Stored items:

============================================================

(* Let $R$ be a set, $\mathcal{G}:(\mathbf{1},R)\rightarrow(Y,R)$ an object of $\mathrm{2Open}_R$, and $\mathcal{H}$ an $F_\mathcal{G}$-coalgebra with coalgebra map $(\langle\mathrm{now}_\mathcal{H},\mathrm{ltr}_\mathcal{H}\rangle,\langle\mathrm{hd}_\mathcal{H},\mathrm{tl}_\mathcal{H}\rangle):\mathcal{H}\rightarrow F_\mathcal{G}\mathcal{H}$, and let $\mathrm{unf}_Y:Y_\mathcal{H}\rightarrow Y^\omega$ be the unique function with $\mathrm{unf}_Y(z)=\mathrm{hd}_\mathcal{H}(z)\mathrel{::}\mathrm{unf}_Y(\mathrm{tl}_\mathcal{H}(z))$. Let $k:Y^\omega\rightarrow R$ and $\sigma'\in\Sigma_\mathcal{H}$ with $\sigma'\in E_\mathcal{H}(k\circ\mathrm{unf}_Y)$. Then (i) $\mathrm{now}_\mathcal{H}(\sigma')\in E_\mathcal{G}\big(\lambda y.\,k(y\mathrel{::}\mathrm{unf}_Y(P_\mathcal{H}(\mathrm{ltr}_\mathcal{H}(\sigma')(y))))\big)$, and (ii) for all $y'\in Y$, $\mathrm{ltr}_\mathcal{H}(\sigma')(y')\in E_\mathcal{H}\big(\lambda z.\,k(y'\mathrel{::}\mathrm{unf}_Y(z))\big)$.
   Context: Fix a set $R$. Objects of $\mathrm{2Open}_R$ are open games $\mathcal{H}:(\mathbf{1},R)\rightarrow(Y_\mathcal{H},R)$ given by a strategy set $\Sigma_\mathcal{H}$, a move set $Y_\mathcal{H}$, a play function $P_\mathcal{H}:\Sigma_\mathcal{H}\rightarrow Y_\mathcal{H}$, an equilibrium function $E_\mathcal{H}:(Y_\mathcal{H}\rightarrow R)\rightarrow\mathcal{P}\Sigma_\mathcal{H}$, and identity coutility $C\,\sigma\,r=r$. A morphism $\beta:\mathcal{H}\rightarrow\mathcal{H}'$ is a pair $\beta_Y:Y_\mathcal{H}\rightarrow Y_{\mathcal{H}'}$, $\beta_\Sigma:\Sigma_\mathcal{H}\rightarrow\Sigma_{\mathcal{H}'}$ with $\beta_Y(P_\mathcal{H}\sigma)=P_{\mathcal{H}'}(\beta_\Sigma\sigma)$ for all $\sigma$, and such that for all $\sigma\in\Sigma_\mathcal{H}$ and $k:Y_{\mathcal{H}'}\rightarrow R$, $\sigma\in E_\mathcal{H}(k\circ\beta_Y)$ implies $\beta_\Sigma(\sigma)\in E_{\mathcal{H}'}(k)$. For the fixed $\mathcal{G}$ (data $\Sigma_\mathcal{G},Y,P_\mathcal{G},E_\mathcal{G}$) and any object $\mathcal{H}$, $F_\mathcal{G}\mathcal{H}$ is the game with strategies $\Sigma_\mathcal{G}\times(Y\rightarrow\Sigma_\mathcal{H})$, moves $Y\times Y_\mathcal{H}$, play $P(\sigma,f)=(P_\mathcal{G}\sigma,P_\mathcal{H}(f(P_\mathcal{G}\sigma)))$, identity coutility, and $(\sigma,f)\in E_{F_\mathcal{G}\mathcal{H}}(k)$ iff $\sigma\in E_\mathcal{G}(\lambda y.\,k(y,P_\mathcal{H}(f\,y)))$ and $f(y')\in E_\mathcal{H}(\lambda z.\,k(y',z))$ for all $y'\in Y$. An $F_\mathcal{G}$-coalgebra is an object $\mathcal{H}$ with a morphism $\mathcal{H}\rightarrow F_\mathcal{G}\mathcal{H}$; its strategy component is written $\langle\mathrm{now}_\mathcal{H},\mathrm{ltr}_\mathcal{H}\rangle:\Sigma_\mathcal{H}\rightarrow\Sigma_\mathcal{G}\times(Y\rightarrow\Sigma_\mathcal{H})$ and its move component $\langle\mathrm{hd}_\mathcal{H},\mathrm{tl}_\mathcal{H}\rangle:Y_\mathcal{H}\rightarrow Y\times Y_\mathcal{H}$. $Y^\omega$ denotes the set of infinite streams over $Y$ and $y\mathrel{::}w$ prepending $y$ to a stream. *)

theory Defs
  imports Main "HOL-Library.Stream"
begin

text \<open>Objects of 2Open_R: a game (1,R) -> (Y,R) with identity coutility is given by
  its play function P :: 'sigma => 'y and equilibrium function E :: ('y => 'r) => 'sigma set;
  the strategy set and move set are the types 'sigma and 'y.\<close>

definition FG_play ::
  "('sg \<Rightarrow> 'y) \<Rightarrow> ('sh \<Rightarrow> 'yh) \<Rightarrow> ('sg \<times> ('y \<Rightarrow> 'sh)) \<Rightarrow> 'y \<times> 'yh" where
  "FG_play PG PH = (\<lambda>(\<sigma>, f). (PG \<sigma>, PH (f (PG \<sigma>))))"

definition FG_eq ::
  "('sg \<Rightarrow> 'y) \<Rightarrow> (('y \<Rightarrow> 'r) \<Rightarrow> 'sg set) \<Rightarrow> ('sh \<Rightarrow> 'yh) \<Rightarrow> (('yh \<Rightarrow> 'r) \<Rightarrow> 'sh set)
    \<Rightarrow> ('y \<times> 'yh \<Rightarrow> 'r) \<Rightarrow> ('sg \<times> ('y \<Rightarrow> 'sh)) set" where
  "FG_eq PG EG PH EH k = {(\<sigma>, f).
      \<sigma> \<in> EG (\<lambda>y. k (y, PH (f y))) \<and> (\<forall>y'. f y' \<in> EH (\<lambda>z. k (y', z)))}"

definition is_2open_morphism ::
  "('s1 \<Rightarrow> 'y1) \<Rightarrow> (('y1 \<Rightarrow> 'r) \<Rightarrow> 's1 set) \<Rightarrow> ('s2 \<Rightarrow> 'y2) \<Rightarrow> (('y2 \<Rightarrow> 'r) \<Rightarrow> 's2 set)
    \<Rightarrow> ('y1 \<Rightarrow> 'y2) \<Rightarrow> ('s1 \<Rightarrow> 's2) \<Rightarrow> bool" where
  "is_2open_morphism P1 E1 P2 E2 bY bS \<longleftrightarrow>
     (\<forall>\<sigma>. bY (P1 \<sigma>) = P2 (bS \<sigma>)) \<and>
     (\<forall>\<sigma> k. \<sigma> \<in> E1 (k \<circ> bY) \<longrightarrow> bS \<sigma> \<in> E2 k)"

end

theory Submission
  imports Defs
begin

text \<open>Since unf z = hdH z ## unf (tlH z), the context k \<circ> unf factors through the coalgebra
  map on moves as the context (y, z) \<mapsto> k (y ## unf z) of F_G H.  The strategy component of the
  coalgebra map therefore carries \<sigma>' into an equilibrium of F_G H in that context, and the
  two conditions in the definition of that equilibrium are exactly (i) and (ii).\<close>

lemma is_2open_morphism_eq_factor:
  assumes "is_2open_morphism P1 E1 P2 E2 bY bS"
    and "\<sigma> \<in> E1 k"
    and "k = k' \<circ> bY"
  shows "bS \<sigma> \<in> E2 k'"
  using assms unfolding is_2open_morphism_def by blast

lemma stream_context_factor:
  assumes "\<And>z. unf z = hdH z ## unf (tlH z)"
  shows "k \<circ> unf = (\<lambda>(y, z). k (y ## unf z)) \<circ> (\<lambda>z. (hdH z, tlH z))"
  by (simp add: fun_eq_iff assms[symmetric])

theorem lemma14:
  fixes PG :: "'sg \<Rightarrow> 'y" and EG :: "('y \<Rightarrow> 'r) \<Rightarrow> 'sg set"
    and PH :: "'sh \<Rightarrow> 'yh" and EH :: "('yh \<Rightarrow> 'r) \<Rightarrow> 'sh set"
    and now :: "'sh \<Rightarrow> 'sg" and ltr :: "'sh \<Rightarrow> 'y \<Rightarrow> 'sh"
    and hdH :: "'yh \<Rightarrow> 'y" and tlH :: "'yh \<Rightarrow> 'yh"
    and unf :: "'yh \<Rightarrow> 'y stream"
    and k :: "'y stream \<Rightarrow> 'r" and \<sigma>' :: 'sh
  assumes coalg: "is_2open_morphism PH EH (FG_play PG PH) (FG_eq PG EG PH EH)
                    (\<lambda>z. (hdH z, tlH z)) (\<lambda>\<sigma>. (now \<sigma>, ltr \<sigma>))"
    and unf_eq: "\<And>z. unf z = hdH z ## unf (tlH z)"
    and eq: "\<sigma>' \<in> EH (k \<circ> unf)"
  shows "now \<sigma>' \<in> EG (\<lambda>y. k (y ## unf (PH (ltr \<sigma>' y))))
         \<and> (\<forall>y'. ltr \<sigma>' y' \<in> EH (\<lambda>z. k (y' ## unf z)))"
proof -
  have "(now \<sigma>', ltr \<sigma>') \<in> FG_eq PG EG PH EH (\<lambda>(y, z). k (y ## unf z))"
    using is_2open_morphism_eq_factor[OF coalg eq stream_context_factor[where unf = unf, OF unf_eq]] by simp
  then show ?thesis
    by (simp add: FG_eq_def)
qed

end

============================================================

> **PROBLEM TO SOLVE**
Identify the lines in the entries above that contain "assms", then copy them out.

> **TASK OUTPUT**
  using assms unfolding is_2open_morphism_def by blast
  by (simp add: fun_eq_iff assms[symmetric])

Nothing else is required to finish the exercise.